▸ What the task requires:
Each line of the listing below containing the word "dord" should be returned.

▸ Input:
(* Let $W$ be a (1-safe) DAW-net, $\mathrm{bc}(W)$ its $\mathcal{BC}$ encoding, and $\mathit{TS}_{\mathrm{bc}(W)}=(\mathcal{A},S,S_0,\delta)$ the transition system it induces. Then (1) $S_0$ is a singleton $\{s_0\}$; and (2) if $(s,A,s')\in\delta$ then $|A|=1$.
   Context: **DAW-nets.** Data model $\mathcal{D}=(\mathcal{V},\Delta,\mathrm{dm},\mathrm{ord})$ (variables; finite domains via total surjective $\mathrm{dm}$; partial orders on some domains); assignments are partial functions $\eta$ with $\eta(v)\in\mathrm{dm}(v)$; guards $\Phi::=\mathit{true}\mid\mathrm{def}(v)\mid t_1=t_2\mid t_1\le t_2\mid\neg\Phi\mid\Phi\wedge\Phi$. A DAW-net $W=\langle\mathcal{D},(P,T,F),\mathrm{wr},\mathrm{gd}\rangle$: a workflow Petri net with places $\mathit{start},\mathit{sink}$, presets ${}^\bullet t$, postsets $t^\bullet$; partial functions $\mathrm{wr}(t)$ with $\mathrm{wr}(t)(v)\subseteq\mathrm{dm}(v)$; guards $\mathrm{gd}(t)$. $\mathcal{V}'$: finite set of variables of $W$; $\mathrm{adm}(v)=\bigcup_t\mathrm{wr}(t)(v)$. $W$ is assumed 1-safe. **$\mathcal{BC}$ semantics.** Fluents have finite domains; laws: dynamic "$A_0$ after $A'_1,\dots,A'_n$ ifcons $A_{n+1},\dots,A_m$" ($A_0$ an atom $f=v$ or false; $A'_j$ atoms or action constants), static "$A_0$ if ... ifcons ...", "initially $f=v$". $P_\ell(B)$ is the disjunctive program (classical negation $\neg$, default negation $\sim$) containing: static laws as $i{:}A_0\leftarrow i{:}A_1,\dots,i{:}A_n,\sim\neg(i{:}A_{n+1}),\dots,\sim\neg(i{:}A_m)$, $0\le i\le\ell$; dynamic laws as $i{+}1{:}A_0\leftarrow i{:}A'_1,\dots,i{:}A'_n,\sim\neg(i{+}1{:}A_{n+1}),\dots,\sim\neg(i{+}1{:}A_m)$, $0\le i<\ell$ (constraints if $A_0$ is false); facts $0{:}f=v$ for "initially $f=v$"; $0{:}f=v\vee\neg(0{:}f=v)$ for all fluents and values; $i{:}a\vee\neg(i{:}a)$ for action constants, $i<\ell$; and for $i\le\ell$ and fluent $f$ with domain $v_1,\dots,v_k$: $\leftarrow\sim(i{:}f=v_1),\dots,\sim(i{:}f=v_k)$ and $\neg(i{:}f=v)\leftarrow i{:}f=w$ ($v\ne w$). For a stable model (answer set) $X$ of $P_\ell(B)$ put $\sigma_i(X)=\{f\mapsto o\mid(i{:}f=o)\in X\}$. $\mathit{TS}_B=(\mathcal{A},S,S_0,\delta)$: $S_0=\{\sigma_0(X)\mid X$ stable model of $P_0(B)\}$; $S,\delta$ least with $S_0\subseteq S$ and, whenever $X$ is a stable model of $P_{\ell+1}(B)$ ($\ell\ge0$) with $\sigma_\ell(X)\in S$, $\sigma_{\ell+1}(X)\in S$ and $(\sigma_\ell(X),\{a\mid(\ell{:}a)\in X\},\sigma_{\ell+1}(X))\in\delta$. **The encoding $\mathrm{bc}(W)$.** Fluents $v\in\mathcal{V}'$ with domain $\mathrm{adm}(v)\cup\{\mathrm{null}\}$, Boolean fluents $p\in P$ and $\mathit{trans}$; action constants $t\in T$. Laws: "$v=o$ after $v=o$ ifcons $v=o$"; "$p=o$ after $p=o$ ifcons $p=o$"; for each $t$: "$p=\mathrm{false}$ after $t$" ($p\in{}^\bullet t\setminus t^\bullet$), "$p=\mathrm{true}$ after $t$" ($p\in t^\bullet\setminus{}^\bullet t$), "$v=d$ after $t$ ifcons $v=d$" ($d\in\mathrm{wr}(t)(v)$), "$v=\mathrm{null}$ after $t$" ($\mathrm{wr}(t)(v)=\emptyset$), "false after $t$ ifcons $v=d$" ($\mathrm{wr}(t)(v)\neq\emptyset$, $d\in\{\mathrm{null}\}\cup\mathrm{adm}(v)\setminus\mathrm{wr}(t)(v)$), "false after $t,s$" ($t\ne s$), "false after $t,p=\mathrm{false}$" ($p\in{}^\bullet t$), "$\mathit{trans}=\mathrm{true}$ after $t$"; "initially $\mathit{start}=\mathrm{true}$", "initially $p=\mathrm{false}$" ($p\ne\mathit{start}$), "initially $v=\mathrm{null}$", "initially $\mathit{trans}=\mathrm{true}$"; and for each $t$ with $\mathrm{gd}(t)\not\equiv\mathit{true}$, for a chosen formula $\bigvee_k t^k_1\wedge\dots\wedge t^k_{n_k}$ equivalent to $\neg\mathrm{gd}(t)$ with terms $v=o$ or $\neg\mathrm{def}(v)$, the laws "false after $t,[\![t^k_1]\!],\dots,[\![t^k_{n_k}]\!]$", where $[\![v=o]\!]=(v=o)$, $[\![\neg\mathrm{def}(v)]\!]=(v=\mathrm{null})$. *)

theory Defs
  imports Main
begin

section \<open>DAW-nets\<close>

datatype ('v,'d) gterm = TVar 'v | TConst 'd

datatype ('v,'d) guard =
    GTrue
  | GDef 'v
  | GEq "('v,'d) gterm" "('v,'d) gterm"
  | GLe "('v,'d) gterm" "('v,'d) gterm"
  | GNot "('v,'d) guard"
  | GAnd "('v,'d) guard" "('v,'d) guard"

datatype ('p,'t) node = Pl 'p | Tr 't

record ('v,'d,'p,'t) dawnet =
  dvars  :: "'v set"
  dm     :: "'v \<Rightarrow> 'd set"                  \<comment> \<open>domain of each variable; \<Delta> = dm ` dvars\<close>
  dord   :: "'d set \<Rightarrow> ('d \<times> 'd) set option"
  places :: "'p set"
  transs :: "'t set"
  flow   :: "(('p,'t) node \<times> ('p,'t) node) set"
  pstart :: "'p"
  psink  :: "'p"
  wr     :: "'t \<Rightarrow> 'v \<Rightarrow> 'd set option"
  gd     :: "'t \<Rightarrow> ('v,'d) guard"

definition preset :: "('v,'d,'p,'t) dawnet \<Rightarrow> 't \<Rightarrow> 'p set" where
  "preset W t = {p. (Pl p, Tr t) \<in> flow W}"

definition postset :: "('v,'d,'p,'t) dawnet \<Rightarrow> 't \<Rightarrow> 'p set" where
  "postset W t = {p. (Tr t, Pl p) \<in> flow W}"

fun gterm_val :: "('v \<Rightarrow> 'd option) \<Rightarrow> ('v,'d) gterm \<Rightarrow> 'd option" where
  "gterm_val \<eta> (TVar v) = \<eta> v"
| "gterm_val \<eta> (TConst d) = Some d"

text \<open>Comparisons involving an undefined
  variable are false; \<open>t1 \<le> t2\<close> holds iff both values lie in an ordered domain of the
  data model and are related by its order.\<close>
fun gholds :: "('v,'d,'p,'t) dawnet \<Rightarrow> ('v \<Rightarrow> 'd option) \<Rightarrow> ('v,'d) guard \<Rightarrow> bool" where
  "gholds W \<eta> GTrue = True"
| "gholds W \<eta> (GDef v) = (\<eta> v \<noteq> None)"
| "gholds W \<eta> (GEq a b) = (\<exists>x y. gterm_val \<eta> a = Some x \<and> gterm_val \<eta> b = Some y \<and> x = y)"
| "gholds W \<eta> (GLe a b) = (\<exists>x y D r. gterm_val \<eta> a = Some x \<and> gterm_val \<eta> b = Some y
        \<and> D \<in> dm W ` dvars W \<and> dord W D = Some r \<and> x \<in> D \<and> y \<in> D \<and> (x, y) \<in> r)"
| "gholds W \<eta> (GNot g) = (\<not> gholds W \<eta> g)"
| "gholds W \<eta> (GAnd g h) = (gholds W \<eta> g \<and> gholds W \<eta> h)"

fun gvars :: "('v,'d) guard \<Rightarrow> 'v set" where
  "gvars GTrue = {}"
| "gvars (GDef v) = {v}"
| "gvars (GEq a b) = {v. TVar v = a \<or> TVar v = b}"
| "gvars (GLe a b) = {v. TVar v = a \<or> TVar v = b}"
| "gvars (GNot g) = gvars g"
| "gvars (GAnd g h) = gvars g \<union> gvars h"

definition assignment :: "('v,'d,'p,'t) dawnet \<Rightarrow> ('v \<Rightarrow> 'd option) \<Rightarrow> bool" where
  "assignment W \<eta> \<longleftrightarrow> dom \<eta> \<subseteq> dvars W \<and> (\<forall>v d. \<eta> v = Some d \<longrightarrow> d \<in> dm W v)"

definition nodes :: "('v,'d,'p,'t) dawnet \<Rightarrow> ('p,'t) node set" where
  "nodes W = Pl ` places W \<union> Tr ` transs W"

▸ Written answer:
  dord   :: "'d set \<Rightarrow> ('d \<times> 'd) set option"
        \<and> D \<in> dm W ` dvars W \<and> dord W D = Some r \<and> x \<in> D \<and> y \<in> D \<and> (x, y) \<in> r)"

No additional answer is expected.